## EXERCISE OBJECTIVE
Repeat exactly every line that comes at or after the line containing "k \<noteq> Ef", through the end of the entries below.

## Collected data
----------------

lemma rank_one_sym_lift_iff_trop_sym_outer:
  assumes symA: "\<forall>i<n. \<forall>j<n. A i j = A j i"
  shows "(\<exists>L. sym_lift n A L \<and> hahn_rank_le n L 1) \<longleftrightarrow> trop_sym_outer n A"
proof
  assume "\<exists>L. sym_lift n A L \<and> hahn_rank_le n L 1"
  then obtain L where L: "sym_lift n A L" "hahn_rank_le n L 1"
    by blast
  moreover have "\<forall>i<n. \<forall>j<n. L i j \<noteq> (\<lambda>_. 0)"
    using L(1) by (simp add: sym_lift_def)
  ultimately obtain p q where "\<forall>i<n. \<forall>j<n. hdeg (L i j) = p i + q j"
    using hahn_rank_le_1_hdeg_additive by blast
  then have pq: "\<forall>i<n. \<forall>j<n. A i j = p i + q j"
    using L(1) by (simp add: sym_lift_def)
  have "A i j = (p i + q i) / 2 + (p j + q j) / 2" if "i < n" "j < n" for i j
  proof -
    have "A i j = (A i j + A j i) / 2"
      using symA that by simp
    also have "\<dots> = (p i + q i) / 2 + (p j + q j) / 2"
      using pq that by (simp add: field_simps)
    finally show ?thesis .
  qed
  then show "trop_sym_outer n A"
    unfolding trop_sym_outer_def by (intro exI[of _ "\<lambda>i. (p i + q i) / 2"]) simp
next
  assume "trop_sym_outer n A"
  then obtain x where x: "\<forall>i<n. \<forall>j<n. A i j = x i + x j"
    unfolding trop_sym_outer_def by blast
  have "hahn_rank_le n (\<lambda>i j. hahn_monom (A i j)) 1"
    unfolding hahn_rank_le_def
    by (intro exI[of _ "\<lambda>i k. hahn_monom (x i)"] exI[of _ "\<lambda>k j. hahn_monom (x j)"])
      (simp add: x hahn_hahn_monom hmul_hahn_monom)
  then show "\<exists>L. sym_lift n A L \<and> hahn_rank_le n L 1"
    using sym_lift_hahn_monom[OF symA] by blast
qed

lemma sym_kapranov_rank_eq_1_iff:
  assumes "\<forall>i<n. \<forall>j<n. A i j = A j i"
  shows "sym_kapranov_rank n A = 1 \<longleftrightarrow> 0 < n \<and> trop_sym_outer n A"
proof -
  have "sym_kapranov_rank n A = 1 \<longleftrightarrow>
      sym_kapranov_rank n A \<le> 1 \<and> sym_kapranov_rank n A \<noteq> 0"
    by arith
  then show ?thesis
    unfolding sym_kapranov_rank_le_iff[OF assms] sym_kapranov_rank_eq_0_iff[OF assms]
      rank_one_sym_lift_iff_trop_sym_outer[OF assms]
    by auto
qed
lemma chains_snoc_bij:
  assumes "d \<ge> 1"
  shows "bij_betw (\<lambda>(k, ds). ds @ [d]) (SIGMA k:{1..d}. chains (d - k)) (chains d)"
proof (rule bij_betw_byWitness[where f' = "\<lambda>ds. (d - last (butlast ds), butlast ds)"])
  show "(\<lambda>(k, ds). ds @ [d]) ` (SIGMA k:{1..d}. chains (d - k)) \<subseteq> chains d"
  proof clarify
    fix k ds assume "k \<in> {1..d}" "ds \<in> chains (d - k)"
    then show "ds @ [d] \<in> chains d"
      using set_chain_subset[of ds "d - k"] by (fastforce simp: chains_def sorted_wrt_append)
  qed
  show "(\<lambda>ds. (d - last (butlast ds), butlast ds)) ` chains d \<subseteq> (SIGMA k:{1..d}. chains (d - k))"
  proof (rule image_subsetI)
    fix ds assume ds: "ds \<in> chains d"
    then obtain ds' where ds': "ds = ds' @ [d]" "ds' \<noteq> []"
      using assms by (cases ds rule: rev_cases) (auto simp: chains_def hd_append split: if_splits)
    have "last ds' < d"
      using ds ds' by (auto simp: chains_def sorted_wrt_append)
    moreover have "ds' \<in> chains (last ds')"
      using ds ds' by (auto simp: chains_def sorted_wrt_append)
    ultimately show "(d - last (butlast ds), butlast ds) \<in> (SIGMA k:{1..d}. chains (d - k))"
      using ds' by (simp add: diff_diff_cancel less_imp_le)
  qed
qed (auto simp: chains_def)

lemma sum_chains_snoc:
  assumes "d \<ge> 1"
  shows "(\<Sum>ds\<in>chains d. g ds) = (\<Sum>k\<in>{1..d}. \<Sum>ds\<in>chains (d - k). g (ds @ [d]))"
proof -
  have "(\<Sum>ds\<in>chains d. g ds) = (\<Sum>(k, ds)\<in>(SIGMA k:{1..d}. chains (d - k)). g (ds @ [d]))"
    using sum.reindex_bij_betw[OF chains_snoc_bij[OF assms], of g] by (simp add: prod.case_distrib)
  also have "\<dots> = (\<Sum>k\<in>{1..d}. \<Sum>ds\<in>chains (d - k). g (ds @ [d]))"
    by (rule sum.Sigma[symmetric]) (simp_all add: finite_chains)
  finally show ?thesis .
qed
(* Let $G$ be a non-discrete compact group with normalized Haar measure $\nu$ ($\nu(G)=1$). For every neighborhood $U$ of the identity of $G$ there exists a $U$-fine equisize partition of $G$.
   Context: A finite partition $\mathcal P$ of a set $X\subseteq G$ into Haar-measurable sets is called $U$-fine if for every $P\in\mathcal P$ there is $g\in G$ with $P\subseteq gU$, and equisize if all sets in $\mathcal P$ have the same Haar measure. *)

theory Defs
  imports "HOL-Analysis.Analysis" "HOL-Library.Disjoint_Sets"
begin

(* A (group-)topological group is written additively via the class
   topological_group_add (group_add is NOT assumed commutative). *)
definition haar_measure :: "'a::{topological_group_add,t2_space} measure \<Rightarrow> bool" where
  "haar_measure \<nu> \<longleftrightarrow>
     sets \<nu> = sets borel \<and>
     (\<forall>g. \<forall>A\<in>sets borel. emeasure \<nu> ((\<lambda>x. g + x) ` A) = emeasure \<nu> A) \<and>
     (\<forall>K. compact K \<longrightarrow> emeasure \<nu> K < \<infinity>) \<and>
     (\<forall>A\<in>sets borel. emeasure \<nu> A = (INF V\<in>{V. open V \<and> A \<subseteq> V}. emeasure \<nu> V)) \<and>
     (\<forall>V. open V \<longrightarrow> emeasure \<nu> V = (SUP K\<in>{K. compact K \<and> K \<subseteq> V}. emeasure \<nu> K))"

definition haar_measurable :: "'a measure \<Rightarrow> 'a set \<Rightarrow> bool" where
  "haar_measurable \<nu> A \<longleftrightarrow> A \<in> sets (completion \<nu>)"

definition U_fine :: "'a::plus set \<Rightarrow> 'a set set \<Rightarrow> bool" where
  "U_fine U \<P> \<longleftrightarrow> (\<forall>P\<in>\<P>. \<exists>g. P \<subseteq> (\<lambda>x. g + x) ` U)"

definition equisize :: "'a measure \<Rightarrow> 'a set set \<Rightarrow> bool" where
  "equisize \<nu> \<P> \<longleftrightarrow> (\<forall>P\<in>\<P>. \<forall>Q\<in>\<P>. emeasure (completion \<nu>) P = emeasure (completion \<nu>) Q)"

end
text \<open>
  Writing \<open>E\<^sub>k = D\<^sub>k \<rightarrow> \<xi>\<^sub>k\<^sub>-\<^sub>1\<close>, \<open>B\<^sub>k = E\<^sub>k \<rightarrow> D\<^sub>k\<close> and \<open>A\<^sub>k = B\<^sub>k \<rightarrow> D\<^sub>k\<close>, we have
  \<open>\<xi>\<^sub>k = A\<^sub>k \<rightarrow> \<xi>\<^sub>k\<^sub>-\<^sub>1\<close> (with \<open>\<xi>\<^sub>0 = C\<close>) and \<open>\<phi>\<^sub>i = \<xi>\<^sub>i \<rightarrow> C\<close>.  The proof is a potential
  argument.  Every formula that can be a conclusion inside a normal proof of \<open>\<phi>\<^sub>i\<close> is
  named by a goal label, and to each label and each set \<open>G\<close> of hypotheses we assign a
  weight, essentially \<open>2\<close> to the number of levels \<open>k\<close> above the goal for which neither
  \<open>A\<^sub>k\<close> nor \<open>D\<^sub>k\<close> is a hypothesis yet.  The main lemma says that a normal derivation
  from hypotheses in \<open>G\<close> has at least as many leaves \<open>\<xi>\<^sub>i\<close> as the weight of its conclusion.

  Leaves are handled by a direct check;
  for an introduction the weight does not decrease when the discharged hypothesis is
  added to \<open>G\<close>; for an elimination, normality implies that the major premise is a
  right end-segment (tail) of an open hypothesis, which leaves only a few shapes of
  major premise, and for each the weight of the conclusion is at most the sum of the
  weights of the two premises.  The theorem is the instance \<open>G = {}\<close>, goal \<open>\<phi>\<^sub>i\<close>.
\<close>

definition Ef :: "nat \<Rightarrow> form" where "Ef k = (D k \<rightarrow>\<^sub>f xi (k - 1))"
definition Bf :: "nat \<Rightarrow> form" where "Bf k = (Ef k \<rightarrow>\<^sub>f D k)"
definition Af :: "nat \<Rightarrow> form" where "Af k = (Bf k \<rightarrow>\<^sub>f D k)"

lemma xi_Suc: "xi (Suc n) = (Af (Suc n) \<rightarrow>\<^sub>f xi n)"
  by (cases n) (simp_all add: chi_def Af_def Bf_def Ef_def)

lemma xi_eq_Atom: "(xi m = Atom n) \<longleftrightarrow> (m = 0 \<and> n = 0)"
  by (cases m) (auto simp: xi_Suc C_def)

lemma xi_eq_Imp: "(xi m = (a \<rightarrow>\<^sub>f b)) \<longleftrightarrow> (m \<noteq> 0 \<and> a = Af m \<and> b = xi (m - 1))"
  by (cases m) (auto simp: xi_Suc C_def)

lemma xi_inj: "(xi m = xi n) \<longleftrightarrow> m = n"
proof (induction m arbitrary: n)
  case 0
  then show ?case by (cases n) (auto simp: xi_Suc C_def)
next
  case (Suc m)
  then show ?case by (cases n) (auto simp: xi_Suc C_def Af_def Bf_def Ef_def D_def)
qed

lemma Atom_eq_xi: "(Atom n = xi m) \<longleftrightarrow> (m = 0 \<and> n = 0)"
  using xi_eq_Atom by metis

lemma Imp_eq_xi: "((a \<rightarrow>\<^sub>f b) = xi m) \<longleftrightarrow> (m \<noteq> 0 \<and> a = Af m \<and> b = xi (m - 1))"
  using xi_eq_Imp by metis

lemmas form_simps = Af_def Bf_def Ef_def D_def C_def phi_def
  xi_inj xi_eq_Atom Atom_eq_xi xi_eq_Imp Imp_eq_xi

lemma form_eqs [simp]:
  "Af j = Af k \<longleftrightarrow> j = k" "Bf j = Bf k \<longleftrightarrow> j = k" "Ef j = Ef k \<longleftrightarrow> j = k" "D j = D k \<longleftrightarrow> j = k"
  "Af j \<noteq> Bf k" "Af j \<noteq> Ef k" "Af j \<noteq> D k" "Bf j \<noteq> Ef k" "Bf j \<noteq> D k" "Ef j \<noteq> D k"
  "Bf k \<noteq> Af j" "Ef k \<noteq> Af j" "D k \<noteq> Af j" "Ef k \<noteq> Bf j" "D k \<noteq> Bf j" "D k \<noteq> Ef j"
  "xi m \<noteq> Af k" "xi m \<noteq> Bf k" "xi m \<noteq> Ef k" "Af k \<noteq> xi m" "Bf k \<noteq> xi m" "Ef k \<noteq> xi m"
  "xi m = D k \<longleftrightarrow> m = 0 \<and> k = 0" "D k \<noteq> (a \<rightarrow>\<^sub>f b)"
  by (simp_all add: form_simps) auto

section \<open>Hypothesis sets and weights\<close>

text \<open>The formulas that can ever be assumed in a normal proof of \<open>\<phi>\<^sub>i\<close>.\<close>

definition hyps :: "nat \<Rightarrow> form set" where
  "hyps i = insert (xi i) (\<Union>k\<in>{1..i}. {Af k, Bf k, Ef k, D k})"

text \<open>Hypothesis sets arising in such a proof: \<open>E\<^sub>k\<close> is only discharged inside a proof of
  \<open>B\<^sub>k\<close>, which occurs only as the minor premise of \<open>A\<^sub>k\<close>; likewise \<open>D\<^sub>k\<close> only inside a proof
  of \<open>E\<^sub>k\<close>, the minor premise of \<open>B\<^sub>k\<close>.\<close>

definition admissible :: "nat \<Rightarrow> form set \<Rightarrow> bool" where
  "admissible i G \<longleftrightarrow> G \<subseteq> hyps i \<and> (\<forall>k. Ef k \<in> G \<longrightarrow> Af k \<in> G) \<and> (\<forall>k. D k \<in> G \<longrightarrow> Bf k \<in> G)"

text \<open>The number of levels \<open>k\<close> with \<open>m < k \<le> i\<close> at which neither \<open>A\<^sub>k\<close> nor \<open>D\<^sub>k\<close> has been
  assumed; each such level doubles the cost of proving \<open>\<xi>\<^sub>m\<close>.\<close>

definition free_levels :: "nat \<Rightarrow> form set \<Rightarrow> nat \<Rightarrow> nat" where
  "free_levels i G m = card {k. m < k \<and> k \<le> i \<and> Af k \<notin> G \<and> D k \<notin> G}"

----------------

## EXERCISE ANSWER
  "Bf k \<noteq> Af j" "Ef k \<noteq> Af j" "D k \<noteq> Af j" "Ef k \<noteq> Bf j" "D k \<noteq> Bf j" "D k \<noteq> Ef j"
  "xi m \<noteq> Af k" "xi m \<noteq> Bf k" "xi m \<noteq> Ef k" "Af k \<noteq> xi m" "Bf k \<noteq> xi m" "Ef k \<noteq> xi m"
  "xi m = D k \<longleftrightarrow> m = 0 \<and> k = 0" "D k \<noteq> (a \<rightarrow>\<^sub>f b)"
  by (simp_all add: form_simps) auto

section \<open>Hypothesis sets and weights\<close>

text \<open>The formulas that can ever be assumed in a normal proof of \<open>\<phi>\<^sub>i\<close>.\<close>

definition hyps :: "nat \<Rightarrow> form set" where
  "hyps i = insert (xi i) (\<Union>k\<in>{1..i}. {Af k, Bf k, Ef k, D k})"

text \<open>Hypothesis sets arising in such a proof: \<open>E\<^sub>k\<close> is only discharged inside a proof of
  \<open>B\<^sub>k\<close>, which occurs only as the minor premise of \<open>A\<^sub>k\<close>; likewise \<open>D\<^sub>k\<close> only inside a proof
  of \<open>E\<^sub>k\<close>, the minor premise of \<open>B\<^sub>k\<close>.\<close>

definition admissible :: "nat \<Rightarrow> form set \<Rightarrow> bool" where
  "admissible i G \<longleftrightarrow> G \<subseteq> hyps i \<and> (\<forall>k. Ef k \<in> G \<longrightarrow> Af k \<in> G) \<and> (\<forall>k. D k \<in> G \<longrightarrow> Bf k \<in> G)"

text \<open>The number of levels \<open>k\<close> with \<open>m < k \<le> i\<close> at which neither \<open>A\<^sub>k\<close> nor \<open>D\<^sub>k\<close> has been
  assumed; each such level doubles the cost of proving \<open>\<xi>\<^sub>m\<close>.\<close>

definition free_levels :: "nat \<Rightarrow> form set \<Rightarrow> nat \<Rightarrow> nat" where
  "free_levels i G m = card {k. m < k \<and> k \<le> i \<and> Af k \<notin> G \<and> D k \<notin> G}"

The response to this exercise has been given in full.